• Exercise objective:
Below is a set of entries; give all of them again exactly.
Start of Provided data
lemma unit_vector_with_cinner:
  assumes "norm x = 1" and "norm z = 1" and "cinner x z = 0" and "s\<^sup>2 = 1 - (cmod q)\<^sup>2"
  shows "norm (cnj q *s x + of_real s *s z) = 1" and "cinner x (cnj q *s x + of_real s *s z) = q"
proof -
  have "cinner z x = 0" and "cinner x x = 1" and "cinner z z = 1"
    using assms cinner_commute[of z x] by (simp_all add: norm_eq_1_iff_cinner_self)
  then have "cinner (cnj q *s x + of_real s *s z) (cnj q *s x + of_real s *s z) = q * cnj q + of_real (s\<^sup>2)"
    using \<open>cinner x z = 0\<close>
    by (simp add: cinner_add_left cinner_add_right cinner_scale_left cinner_scale_right power2_eq_square)
  also have "\<dots> = 1"
    using assms(4) by (simp only: complex_norm_square[symmetric] flip: of_real_add) simp
  finally show "norm (cnj q *s x + of_real s *s z) = 1"
    by (simp add: norm_eq_1_iff_cinner_self)
  show "cinner x (cnj q *s x + of_real s *s z) = q"
    using \<open>cinner x x = 1\<close> \<open>cinner x z = 0\<close>
    by (simp add: cinner_add_right cinner_scale_right)
qed

lemma bdd_above_q_numrad_set:
  "bdd_above {cmod (cinner (M *v x) y) | x y. norm x = 1 \<and> norm y = 1 \<and> cinner x y = q}"
  by (rule bdd_aboveI[of _ "op_norm M"]) (auto intro: cmod_cinner_le_op_norm)

lemma q_numrad_upper:
  assumes "norm x = 1" and "norm y = 1" and "cinner x y = q"
  shows "cmod (cinner (M *v x) y) \<le> q_numrad q M"
  unfolding q_numrad_def using assms by (intro cSup_upper[OF _ bdd_above_q_numrad_set]) blast

lemma q_numrad_least:
  fixes M :: "complex ^ 'n::finite ^ 'n"
  assumes "CARD('n) \<ge> 2" and "cmod q \<le> 1"
    and bound: "\<And>x y. norm x = 1 \<Longrightarrow> norm y = 1 \<Longrightarrow> cinner x y = q
                  \<Longrightarrow> cmod (cinner (M *v x) y) \<le> W"
  shows "q_numrad q M \<le> W"
  unfolding q_numrad_def
proof (rule cSup_least)
  fix i :: 'n
  have x: "norm (axis i (1::complex)) = 1"
    by (simp add: norm_eq_1_iff_cinner_self cinner_axis_right)
  obtain z where z: "norm z = 1" "cinner (axis i 1) z = 0"
    using exists_unit_orthogonal[OF assms(1)] by blast
  have "(sqrt (1 - (cmod q)\<^sup>2))\<^sup>2 = 1 - (cmod q)\<^sup>2"
    using assms(2) by (simp add: power_le_one)
  from unit_vector_with_cinner[OF x z this]
  show "{cmod (cinner (M *v x) y) | x y. norm x = 1 \<and> norm y = 1 \<and> cinner x y = q} \<noteq> {}"
    using x by blast
next
  fix r
  assume "r \<in> {cmod (cinner (M *v x) y) | x y. norm x = 1 \<and> norm y = 1 \<and> cinner x y = q}"
  then show "r \<le> W"
    using bound by blast
qed

lemma q_numrad_ge_cmod_cinner_self:
  fixes H :: "complex ^ 'n::finite ^ 'n"
  assumes "CARD('n) \<ge> 2" and "cmod q \<le> 1" and u: "norm u = 1"
  shows "cmod q * cmod (cinner (H *v u) u) \<le> q_numrad q H"
proof -
  obtain z where z: "norm z = 1" "cinner u z = 0"
    using exists_unit_orthogonal[OF assms(1)] by blast
  define s where "s = sqrt (1 - (cmod q)\<^sup>2)"
  have s: "s\<^sup>2 = 1 - (cmod q)\<^sup>2" "(- s)\<^sup>2 = 1 - (cmod q)\<^sup>2"
    using assms(2) by (simp_all add: s_def power_le_one)
  define h where "h = cinner (H *v u) u"
  define d where "d = cinner (H *v u) z"
  have "cmod (q * h + of_real s * d) \<le> q_numrad q H"
    using q_numrad_upper[OF u unit_vector_with_cinner[OF u z s(1)], of H]
    by (simp add: h_def d_def cinner_add_right cinner_scale_right)
  moreover have "cmod (q * h - of_real s * d) \<le> q_numrad q H"
    using q_numrad_upper[OF u unit_vector_with_cinner[OF u z s(2)], of H]
    by (simp add: h_def d_def cinner_add_right cinner_diff_right cinner_scale_right)
  moreover have "2 * cmod (q * h) \<le> cmod (q * h + of_real s * d) + cmod (q * h - of_real s * d)"
    using norm_triangle_ineq[of "q * h + of_real s * d" "q * h - of_real s * d"]
    by (simp add: norm_mult mult_ac)
  ultimately have "cmod (q * h) \<le> q_numrad q H"
    by linarith
  then show ?thesis
    by (simp add: h_def norm_mult)
qed

lemma cos_mult_q_numrad_le:
  fixes A :: "complex ^ 'n::finite ^ 'n"
  assumes "CARD('n) \<ge> 2" and "cmod q \<le> 1"
    and "sectorial \<alpha> A" and "0 \<le> \<alpha>" and "\<alpha> < pi / 2"
    and W: "\<And>u. norm u = 1 \<Longrightarrow> Re (cinner (herm_part A *v u) u) \<le> W"
  shows "cos \<alpha> * q_numrad q A \<le> W"
proof -
  have "0 < cos \<alpha>"
    using assms(4,5) by (intro cos_gt_zero_pi) auto
  have "cos \<alpha> * cmod (cinner (A *v x) y) \<le> W" if "norm x = 1" and "norm y = 1" for x y
  proof -
    have "0 \<le> Re (cinner (A *v x) x)" and "0 \<le> Re (cinner (A *v y) y)"
      using sectorial_cinner_self[OF assms(3)] by blast+
    moreover have "Re (cinner (A *v x) x) \<le> W" and "Re (cinner (A *v y) y) \<le> W"
      using W[OF that(1)] W[OF that(2)] by (simp_all add: Re_cinner_herm_part_self)
    ultimately have "sqrt (Re (cinner (A *v x) x) * Re (cinner (A *v y) y)) \<le> sqrt (W * W)"
      by (intro real_sqrt_le_mono mult_mono) auto
    then show ?thesis
      using sectorial_cinner_bound[OF assms(3-5), of x y] \<open>0 \<le> Re (cinner (A *v x) x)\<close>
        \<open>Re (cinner (A *v x) x) \<le> W\<close> by simp
  qed
  then have "q_numrad q A \<le> W / cos \<alpha>"
    using \<open>0 < cos \<alpha>\<close> by (intro q_numrad_least[OF assms(1,2)]) (simp add: field_simps)
  then show ?thesis
    using \<open>0 < cos \<alpha>\<close> by (simp add: field_simps)
qed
End of Provided data
• Exercise response:
lemma unit_vector_with_cinner:
  assumes "norm x = 1" and "norm z = 1" and "cinner x z = 0" and "s\<^sup>2 = 1 - (cmod q)\<^sup>2"
  shows "norm (cnj q *s x + of_real s *s z) = 1" and "cinner x (cnj q *s x + of_real s *s z) = q"
proof -
  have "cinner z x = 0" and "cinner x x = 1" and "cinner z z = 1"
    using assms cinner_commute[of z x] by (simp_all add: norm_eq_1_iff_cinner_self)
  then have "cinner (cnj q *s x + of_real s *s z) (cnj q *s x + of_real s *s z) = q * cnj q + of_real (s\<^sup>2)"
    using \<open>cinner x z = 0\<close>
    by (simp add: cinner_add_left cinner_add_right cinner_scale_left cinner_scale_right power2_eq_square)
  also have "\<dots> = 1"
    using assms(4) by (simp only: complex_norm_square[symmetric] flip: of_real_add) simp
  finally show "norm (cnj q *s x + of_real s *s z) = 1"
    by (simp add: norm_eq_1_iff_cinner_self)
  show "cinner x (cnj q *s x + of_real s *s z) = q"
    using \<open>cinner x x = 1\<close> \<open>cinner x z = 0\<close>
    by (simp add: cinner_add_right cinner_scale_right)
qed

lemma bdd_above_q_numrad_set:
  "bdd_above {cmod (cinner (M *v x) y) | x y. norm x = 1 \<and> norm y = 1 \<and> cinner x y = q}"
  by (rule bdd_aboveI[of _ "op_norm M"]) (auto intro: cmod_cinner_le_op_norm)

lemma q_numrad_upper:
  assumes "norm x = 1" and "norm y = 1" and "cinner x y = q"
  shows "cmod (cinner (M *v x) y) \<le> q_numrad q M"
  unfolding q_numrad_def using assms by (intro cSup_upper[OF _ bdd_above_q_numrad_set]) blast

lemma q_numrad_least:
  fixes M :: "complex ^ 'n::finite ^ 'n"
  assumes "CARD('n) \<ge> 2" and "cmod q \<le> 1"
    and bound: "\<And>x y. norm x = 1 \<Longrightarrow> norm y = 1 \<Longrightarrow> cinner x y = q
                  \<Longrightarrow> cmod (cinner (M *v x) y) \<le> W"
  shows "q_numrad q M \<le> W"
  unfolding q_numrad_def
proof (rule cSup_least)
  fix i :: 'n
  have x: "norm (axis i (1::complex)) = 1"
    by (simp add: norm_eq_1_iff_cinner_self cinner_axis_right)
  obtain z where z: "norm z = 1" "cinner (axis i 1) z = 0"
    using exists_unit_orthogonal[OF assms(1)] by blast
  have "(sqrt (1 - (cmod q)\<^sup>2))\<^sup>2 = 1 - (cmod q)\<^sup>2"
    using assms(2) by (simp add: power_le_one)
  from unit_vector_with_cinner[OF x z this]
  show "{cmod (cinner (M *v x) y) | x y. norm x = 1 \<and> norm y = 1 \<and> cinner x y = q} \<noteq> {}"
    using x by blast
next
  fix r
  assume "r \<in> {cmod (cinner (M *v x) y) | x y. norm x = 1 \<and> norm y = 1 \<and> cinner x y = q}"
  then show "r \<le> W"
    using bound by blast
qed

lemma q_numrad_ge_cmod_cinner_self:
  fixes H :: "complex ^ 'n::finite ^ 'n"
  assumes "CARD('n) \<ge> 2" and "cmod q \<le> 1" and u: "norm u = 1"
  shows "cmod q * cmod (cinner (H *v u) u) \<le> q_numrad q H"
proof -
  obtain z where z: "norm z = 1" "cinner u z = 0"
    using exists_unit_orthogonal[OF assms(1)] by blast
  define s where "s = sqrt (1 - (cmod q)\<^sup>2)"
  have s: "s\<^sup>2 = 1 - (cmod q)\<^sup>2" "(- s)\<^sup>2 = 1 - (cmod q)\<^sup>2"
    using assms(2) by (simp_all add: s_def power_le_one)
  define h where "h = cinner (H *v u) u"
  define d where "d = cinner (H *v u) z"
  have "cmod (q * h + of_real s * d) \<le> q_numrad q H"
    using q_numrad_upper[OF u unit_vector_with_cinner[OF u z s(1)], of H]
    by (simp add: h_def d_def cinner_add_right cinner_scale_right)
  moreover have "cmod (q * h - of_real s * d) \<le> q_numrad q H"
    using q_numrad_upper[OF u unit_vector_with_cinner[OF u z s(2)], of H]
    by (simp add: h_def d_def cinner_add_right cinner_diff_right cinner_scale_right)
  moreover have "2 * cmod (q * h) \<le> cmod (q * h + of_real s * d) + cmod (q * h - of_real s * d)"
    using norm_triangle_ineq[of "q * h + of_real s * d" "q * h - of_real s * d"]
    by (simp add: norm_mult mult_ac)
  ultimately have "cmod (q * h) \<le> q_numrad q H"
    by linarith
  then show ?thesis
    by (simp add: h_def norm_mult)
qed

lemma cos_mult_q_numrad_le:
  fixes A :: "complex ^ 'n::finite ^ 'n"
  assumes "CARD('n) \<ge> 2" and "cmod q \<le> 1"
    and "sectorial \<alpha> A" and "0 \<le> \<alpha>" and "\<alpha> < pi / 2"
    and W: "\<And>u. norm u = 1 \<Longrightarrow> Re (cinner (herm_part A *v u) u) \<le> W"
  shows "cos \<alpha> * q_numrad q A \<le> W"
proof -
  have "0 < cos \<alpha>"
    using assms(4,5) by (intro cos_gt_zero_pi) auto
  have "cos \<alpha> * cmod (cinner (A *v x) y) \<le> W" if "norm x = 1" and "norm y = 1" for x y
  proof -
    have "0 \<le> Re (cinner (A *v x) x)" and "0 \<le> Re (cinner (A *v y) y)"
      using sectorial_cinner_self[OF assms(3)] by blast+
    moreover have "Re (cinner (A *v x) x) \<le> W" and "Re (cinner (A *v y) y) \<le> W"
      using W[OF that(1)] W[OF that(2)] by (simp_all add: Re_cinner_herm_part_self)
    ultimately have "sqrt (Re (cinner (A *v x) x) * Re (cinner (A *v y) y)) \<le> sqrt (W * W)"
      by (intro real_sqrt_le_mono mult_mono) auto
    then show ?thesis
      using sectorial_cinner_bound[OF assms(3-5), of x y] \<open>0 \<le> Re (cinner (A *v x) x)\<close>
        \<open>Re (cinner (A *v x) x) \<le> W\<close> by simp
  qed
  then have "q_numrad q A \<le> W / cos \<alpha>"
    using \<open>0 < cos \<alpha>\<close> by (intro q_numrad_least[OF assms(1,2)]) (simp add: field_simps)
  then show ?thesis
    using \<open>0 < cos \<alpha>\<close> by (simp add: field_simps)
qed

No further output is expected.